In contrast to the first three videos, in the second set of videos (2008–2012), the audience engages in collective cheering that is mostly spot on, intensive response starting rapidly (the first reaction on average 1.61 seconds for gyrating and 1.54 seconds for grooming). The most active and receptive audiences, in South Korea and Mexico, seem to be aware of the gestures since the loud cheering peaks within a second. Even when the collective response is lacking, as in videos 10 and 11 for the gyrating, individual audience members show their anticipation of the oncoming actions by placing their shouts right after Erlend has started to move his hips. Interestingly, collective cheering as a form of expressing audience anticipation replaces other displays of affiliation, most notably clapping in rhythm. This is in contrast to Atkinson’s data on applauding during speeches. Unlike vocal responses, clapping is not substantially constrained by breathing and thus quickly reaches maximum intensity (Atkinson 1984, 372). In live concerts, however, the audience can already be clapping, which leaves shouts, whistles, and other forms of vocal cheering the only available cues to make distinctive rewards. The predominance of vocal responses also partly explains the short duration of the response: The response lasts on average less than 4 seconds versus 8 seconds measured in the data by Atkinson (1984, 374) and 6 seconds in Mann et al. (2013, 2). Although the length of audience response is partly limited by the musical flow, another reason for the short duration of response has to do with audience anticipation: The audience cuts off its vocal response just in time to make space for the next action and to minimize overlap with singing. Erlend’s gyrating and grooming gestures are treated by the audience as two distinctive acts requiring separate feedback.

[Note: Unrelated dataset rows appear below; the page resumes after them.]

(* Let $A,B$ be Hermitian matrices of the same size, let $H=i[A,B]$, and for real $t$ let $S(t)=e^{itB}e^{itA}e^{-itB}e^{-itA}$. Then for every $\Delta t\ge0$, $$\Big\|S\big(\sqrt{\Delta t/2}\big)\,S\big(-\sqrt{\Delta t/2}\big)-e^{-iH\Delta t}\Big\|\le\Big[\frac83\big(\|A\|+\|B\|\big)^4+\frac12\|H\|^2\Big]\Delta t^2,$$ where $\|\cdot\|$ is the spectral norm. *)

theory Defs
  imports "HOL-Analysis.Analysis"
begin

definition hermitian_mat :: "complex^'n^'n \<Rightarrow> bool" where
  "hermitian_mat A \<longleftrightarrow> (\<forall>i j. A $ i $ j = cnj (A $ j $ i))"

definition cmat_scale :: "complex \<Rightarrow> complex^'n^'n \<Rightarrow> complex^'n^'n" where
  "cmat_scale c A = (\<chi> i j. c * A $ i $ j)"

fun mat_pow :: "complex^'n^'n \<Rightarrow> nat \<Rightarrow> complex^'n^'n" where
  "mat_pow A 0 = mat 1"
| "mat_pow A (Suc k) = A ** mat_pow A k"

definition mat_exp :: "complex^'n^'n \<Rightarrow> complex^'n^'n" where
  "mat_exp A = (\<Sum>k. (1 / fact k) *\<^sub>R mat_pow A k)"

definition spec_norm :: "complex^'n^'n \<Rightarrow> real" where
  "spec_norm A = onorm (\<lambda>x::complex^'n. A *v x)"

end

theory Submission
  imports Defs
begin

text \<open>
  Put X = i A, Y = i B and s = sqrt (dt / 2), so that S t = e^(tY) e^(tX) e^(-tY) e^(-tX) and
  e^(-i H dt) = e^(2 s^2 (YX - XY)). Call F Taylor-dominated with rate M if norm (F s) <= 1 for
  s >= 0 and its Taylor coefficients and all its Taylor remainders are bounded by those of
  exp (M s). A contractive exponential e^(sG) is Taylor-dominated with rate norm G, and the class
  is closed under products, the rates adding up. Hence S s * S (-s), a product of eight such
  exponentials, agrees with its cubic Taylor polynomial 1 + 2 s^2 (YX - XY) up to
  (4 (norm X + norm Y) s)^4 / 4!, while e^(2 s^2 (YX - XY)) agrees with the same polynomial up to
  (2 s^2 norm (YX - XY))^2 / 2. This holds in any Banach algebra; complex matrices with the
  spectral norm form one, and for Hermitian A and B all the exponentials involved are unitary.
\<close>

section \<open>Taylor remainders of contractive exponentials\<close>

lemma has_real_derivative_power_div_fact:
  "((\<lambda>u. u ^ Suc k / fact (Suc k)) has_real_derivative u ^ k / fact k) (at u within S)"
proof -
  have "((\<lambda>u. u ^ Suc k / fact (Suc k))
      has_real_derivative real (Suc k) * u ^ k / fact (Suc k)) (at u within S)"
    using DERIV_cdivide[OF DERIV_pow[of "Suc k" u S], of "fact (Suc k)"] by simp
  then show ?thesis
    by (simp del: of_nat_Suc)
qed

lemma sum_power_div_fact_binomial:
  fixes a b :: real
  shows "(\<Sum>i\<le>k. a ^ i / fact i * (b ^ (k - i) / fact (k - i))) = (a + b) ^ k / fact k"
  using exp_series_add_commuting[of a b k] by (simp add: divide_inverse mult.commute)

lemma sum_triangle_lessThan:
  fixes g :: "nat \<Rightarrow> nat \<Rightarrow> 'a::comm_monoid_add"
  shows "(\<Sum>i<m. \<Sum>l<m - i. g i l) = (\<Sum>k<m. \<Sum>i\<le>k. g i (k - i))"
proof -
  have "{(i, j). i + j < m} = Sigma {..<m} (\<lambda>i. {..<m - i})" by auto
  then show ?thesis
    using sum.triangle_reindex[of g m] by (simp add: sum.Sigma)
qed

lemma has_vector_derivative_exp_scaleR_minus_taylor:
  fixes G :: "'a::{real_normed_algebra_1,banach}"
  shows "((\<lambda>u. exp (u *\<^sub>R G) - (\<Sum>k<Suc j. (u ^ k / fact k) *\<^sub>R G ^ k))
          has_vector_derivative G * (exp (u *\<^sub>R G) - (\<Sum>k<j. (u ^ k / fact k) *\<^sub>R G ^ k)))
        (at u within S)"
proof -
  have shift: "(\<Sum>k<Suc j. (u ^ k / fact k) *\<^sub>R G ^ k)
      = 1 + (\<Sum>k<j. (u ^ Suc k / fact (Suc k)) *\<^sub>R G ^ Suc k)" for u :: real
    by (subst sum.lessThan_Suc_shift) simp
  have "((\<lambda>u. (u ^ Suc k / fact (Suc k)) *\<^sub>R G ^ Suc k)
         has_vector_derivative (u ^ k / fact k) *\<^sub>R G ^ Suc k) (at u within S)" for k
    using has_vector_derivative_scaleR[OF has_real_derivative_power_div_fact
        has_vector_derivative_const]
    by simp
  then have "((\<lambda>u. exp (u *\<^sub>R G) - (\<Sum>k<Suc j. (u ^ k / fact k) *\<^sub>R G ^ k))
      has_vector_derivative exp (u *\<^sub>R G) * G - (0 + (\<Sum>k<j. (u ^ k / fact k) *\<^sub>R G ^ Suc k)))
      (at u within S)"
    unfolding shift
    by (intro has_vector_derivative_diff has_vector_derivative_add has_vector_derivative_sum
        exp_scaleR_has_vector_derivative_right has_vector_derivative_const)
  moreover have "exp (u *\<^sub>R G) * G - (0 + (\<Sum>k<j. (u ^ k / fact k) *\<^sub>R G ^ Suc k))
      = G * (exp (u *\<^sub>R G) - (\<Sum>k<j. (u ^ k / fact k) *\<^sub>R G ^ k))"
    by (simp add: exp_times_scaleR_commute right_diff_distrib sum_distrib_left mult_scaleR_right)
  ultimately show ?thesis by simp
qed

text \<open>The contraction hypothesis removes the usual factor exp (s * norm G) from the
  remainder bound.\<close>
lemma norm_exp_scaleR_minus_taylor_le:
  fixes G :: "'a::{real_normed_algebra_1,banach}"
  assumes contraction: "\<And>u. u \<ge> 0 \<Longrightarrow> norm (exp (u *\<^sub>R G)) \<le> 1" and "s \<ge> 0"
  shows "norm (exp (s *\<^sub>R G) - (\<Sum>k<j. (s ^ k / fact k) *\<^sub>R G ^ k))
    \<le> (s * norm G) ^ j / fact j"
  using \<open>s \<ge> 0\<close>
proof (induction j arbitrary: s)
  case 0
  then show ?case using contraction by simp
next
  case (Suc j)
  define R where "R j u = exp (u *\<^sub>R G) - (\<Sum>k<j. (u ^ k / fact k) *\<^sub>R G ^ k)" for j u
  have "((\<lambda>u. G * R j u) has_integral R (Suc j) s - R (Suc j) 0) {0..s}"
    using Suc.prems has_vector_derivative_exp_scaleR_minus_taylor
    by (intro fundamental_theorem_of_calculus) (auto simp: R_def)
  moreover have "R (Suc j) 0 = 0"
    by (simp add: R_def sum.lessThan_Suc_shift del: sum.lessThan_Suc)
  ultimately have int_R: "((\<lambda>u. G * R j u) has_integral R (Suc j) s) {0..s}"
    by simp
  have int_bound: "((\<lambda>u. norm G ^ Suc j * (u ^ j / fact j))
      has_integral norm G ^ Suc j * (s ^ Suc j / fact (Suc j))) {0..s}"
    using fundamental_theorem_of_calculus[OF Suc.prems,
        of "\<lambda>u. norm G ^ Suc j * (u ^ Suc j / fact (Suc j))"]
      DERIV_cmult[OF has_real_derivative_power_div_fact]
    by (simp add: has_real_derivative_iff_has_vector_derivative)
  have bound: "norm (G * R j u) \<le> norm G ^ Suc j * (u ^ j / fact j)" if "u \<in> {0..s}" for u
  proof -
    have "norm (G * R j u) \<le> norm G * norm (R j u)" by (rule norm_mult_ineq)
    also have "\<dots> \<le> norm G * ((u * norm G) ^ j / fact j)"
      using Suc.IH[of u] that by (intro mult_left_mono) (auto simp: R_def)
    finally show ?thesis by (simp add: power_mult_distrib field_simps)
  qed
  have "norm (R (Suc j) s) \<le> norm G ^ Suc j * (s ^ Suc j / fact (Suc j))"
    using integral_norm_bound_integral[OF has_integral_integrable[OF int_R]
        has_integral_integrable[OF int_bound] bound]
    unfolding integral_unique[OF int_R] integral_unique[OF int_bound] .
  then show ?case
    by (simp add: R_def power_mult_distrib mult_ac)
qed

section \<open>Taylor-dominated functions\<close>

definition cauchy_coeff :: "(nat \<Rightarrow> 'a::semiring_0) \<Rightarrow> (nat \<Rightarrow> 'a) \<Rightarrow> nat \<Rightarrow> 'a" where
  "cauchy_coeff c d k = (\<Sum>i\<le>k. c i * d (k - i))"

definition exp_coeff :: "'a::real_normed_algebra_1 \<Rightarrow> nat \<Rightarrow> 'a" where
  "exp_coeff G k = G ^ k /\<^sub>R fact k"

definition taylor_dominated ::
    "(real \<Rightarrow> 'a::real_normed_algebra_1) \<Rightarrow> (nat \<Rightarrow> 'a) \<Rightarrow> real \<Rightarrow> bool" where
  "taylor_dominated F c M \<longleftrightarrow>
     M \<ge> 0 \<and> (\<forall>s\<ge>0. norm (F s) \<le> 1) \<and> (\<forall>k. norm (c k) \<le> M ^ k / fact k) \<and>
     (\<forall>j s. s \<ge> 0 \<longrightarrow> norm (F s - (\<Sum>k<j. s ^ k *\<^sub>R c k)) \<le> (M * s) ^ j / fact j)"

This section has shown that repeating the same choreography from concert to concert produces expectations for future interactions. The reaction times of the audible audience feedback are generally slower in the early concerts compared with more recent ones although there are exceptions to this general trend as the 2012 concert in Norway includes both the weakest reaction (only individual) to gyrating and the slowest reaction time for grooming. 2 For example, while in a 2004 concert Erlend’s hip dance movements resulted in audible individual audience reaction only 4.15 seconds after the action had started, in the sequence from the 2011 concert in Mexico, the equivalent time measure for collective response is 0.37 seconds. In the latter case, it is evident that the audible cheers and whistles for Erlend’s hip dance are produced before they can reasonably be anticipated: Producing a laugh or scream after something that one could not expect takes a considerably longer time than to produce the same reaction to something that was already known to be on its way (Harbidge 2011).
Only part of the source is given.